# flea market score



## wood_chucker (Oct 18, 2012)

Well went to the flea market today and found a guy wig a bunch of planes I talked to him for a min then worked out a deal on the whole lot of them 40 bucks for a Stanley block plane a sargeant no. 4 I think a craftsman no. 5 and a really old Stanley no. 78 rabbet plane bit it is missing the fence I believe. I am really new to hand tools so any tips or if you know anything special bout these planes is appreciate it. Well here's some pics


----------



## wood_chucker (Oct 18, 2012)

They are in decent shape I would like some tips on how to fix em up or some good links on it. There is a small amount of rust on the sole of the craftsman.


----------



## tc65 (Jan 9, 2012)

Good Score! All of those should be good user planes.

I didn't attach a link, but look through the Hand Tools section and you'll find some great plane cleaning and tuning threads by Dave Paine and others.

There are also many different threads on sharpening - best advise I can give is pick a method of sharpening that seems like it will work for you and your budget and stick with it.


----------



## amckenzie4 (Apr 29, 2010)

There are a lot of threads on sharpening and de-rustifying, so I'm not going to comment on those. The 78 is a good plane, but yours is missing the fence and the depth stop. I can't tell from the photos, but you may also be missing the nicker that lets it work easily across the grain.

Without those, especially the fence, that plane is... well, not useless, but a lot harder to use. It will still work fine for cleaning up tenons and things like that, but using it to actually cut rabbets is going to be a challenge. If you want to try anyway, here's my advice:

1) Clean and sharpen it, and make sure the sole is exactly perpendicular to at least one of the sides.

2) Mark the width and depth of the rabbet with a knife, and, especially if you're going cross grain, score it as deeply as you reasonably can.

3) Start cutting with the plane tipped sideways, so one corner is in the score line.

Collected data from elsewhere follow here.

(* Let $X$ have the $\Gamma(\alpha,\theta)$ distribution with shape $\alpha>0$ and scale $\theta>0$ (density $x^{\alpha-1}e^{-x/\theta}/(\Gamma(\alpha)\theta^\alpha)$, $x\geq0$), and let $Y$ have the $\Gamma(\alpha,1)$ distribution. Then for each fixed $x\geq 0$, $$\lim_{s\to+\infty}\overline{T}_{X,s}(x)=\lim_{s\to+\infty}\overline{T}_{Y,s}\left(\frac{x}{\theta}\right)=e^{-x/\theta}.$$
   Context: For a nonnegative absolutely continuous random variable $Z$ with density $f_Z$, set $\overline{T}_{Z,0}=f_Z$, $\mu_{Z,0}=1$, and for integers $s\geq 1$ define recursively $\overline{T}_{Z,s}(x)=\frac{1}{\mu_{Z,s-1}}\int_x^\infty\overline{T}_{Z,s-1}(t)\,dt$ and $\mu_{Z,s}=\int_0^\infty\overline{T}_{Z,s}(t)\,dt$. $\overline{T}_{Z,s}$ is the tail (survival function) of the $s$-iterated distribution induced by $Z$. Limits are over integers $s$. *)

theory Defs
  imports "HOL-Analysis.Analysis"
begin

definition gamma_density :: "real \<Rightarrow> real \<Rightarrow> real \<Rightarrow> real" where
  "gamma_density a th x =
     (if 0 \<le> x then x powr (a - 1) * exp (- x / th) / (Gamma a * th powr a) else 0)"

text \<open>Simultaneous recursion: iter_pair f s = (T_{Z,s}, mu_{Z,s}) for the density f of Z.\<close>
primrec iter_pair :: "(real \<Rightarrow> real) \<Rightarrow> nat \<Rightarrow> (real \<Rightarrow> real) \<times> real" where
  "iter_pair f 0 = (f, 1)"
| "iter_pair f (Suc s) =
     (let T = fst (iter_pair f s); m = snd (iter_pair f s);
          T' = (\<lambda>x. (1 / m) * (LBINT t:{x..}. T t))
      in (T', LBINT t:{0..}. T' t))"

Make a few passes that way.

4) Once a good trough is established (2 or 3 passes in pine, a few more in hardwood), start tilting the plane back to level, letting the trough guide the edge.

5) Once the plane is flat, make sure the shoulder you've established is perpendicular to the surface of the wood (you may need clean it up with the plane tipped on its side), plane down to the depth you marked.

I've done this with an old skewed rabbet plane that had no fence, and it worked fine. It takes some practice, though, so start out working on a piece of wood that doesn't matter.


----------



## Dave Paine (May 30, 2012)

A good find. I would start with the Sargent, since it looks to be in decent condition and is a useful size. The knob and tote look sound, just need to be sanded and refinished.

FYI, this is a thread on cleaning up my Sargent, which looked a lot worse than yours, but now looks almost new.

http://www.woodworkingtalk.com/f11/latest-rust-bucket-planes-46494/

I would then work on the Craftsman. The blade looks like it has lost some length due to sharpening.

Good luck and post updates as you go.


----------



## railaw (Nov 15, 2011)

amckenzie4 said:


> There are a lot of threads on sharpening and de-rustifying, so I'm not going to comment on those. The 78 is a good plane, but yours is missing the fence and the depth stop. I can't tell from the photos, but you may also be missing the nicker that lets it work easily across the grain.
> 
> Without those, especially the fence, that plane is... well, not useless, but a lot harder to use. It will still work fine for cleaning up tenons and things like that, but using it to actually cut rabbets is going to be a challenge. If you want to try anyway, here's my advice:
> 
> ...


You can still get replacement parts from Stanley for the 78. It'll cost almost as much as your entire purchase, but you can get the rod, thumb screw, depth stop and screw and nicker at stanleytoolparts.com.


----------



## wood_chucker (Oct 18, 2012)

Thanks for the replies with the 78 I didn't really know what it was when I got it. I figured I would use it for cleaning up tennons and such since the blade reaches all the way to the edge. I'm not a hand tool exclusivr guy I usually do rabbets with my router anyway. I 
cant wait to get started cleaning em up and will definitley post pics of my progress.


----------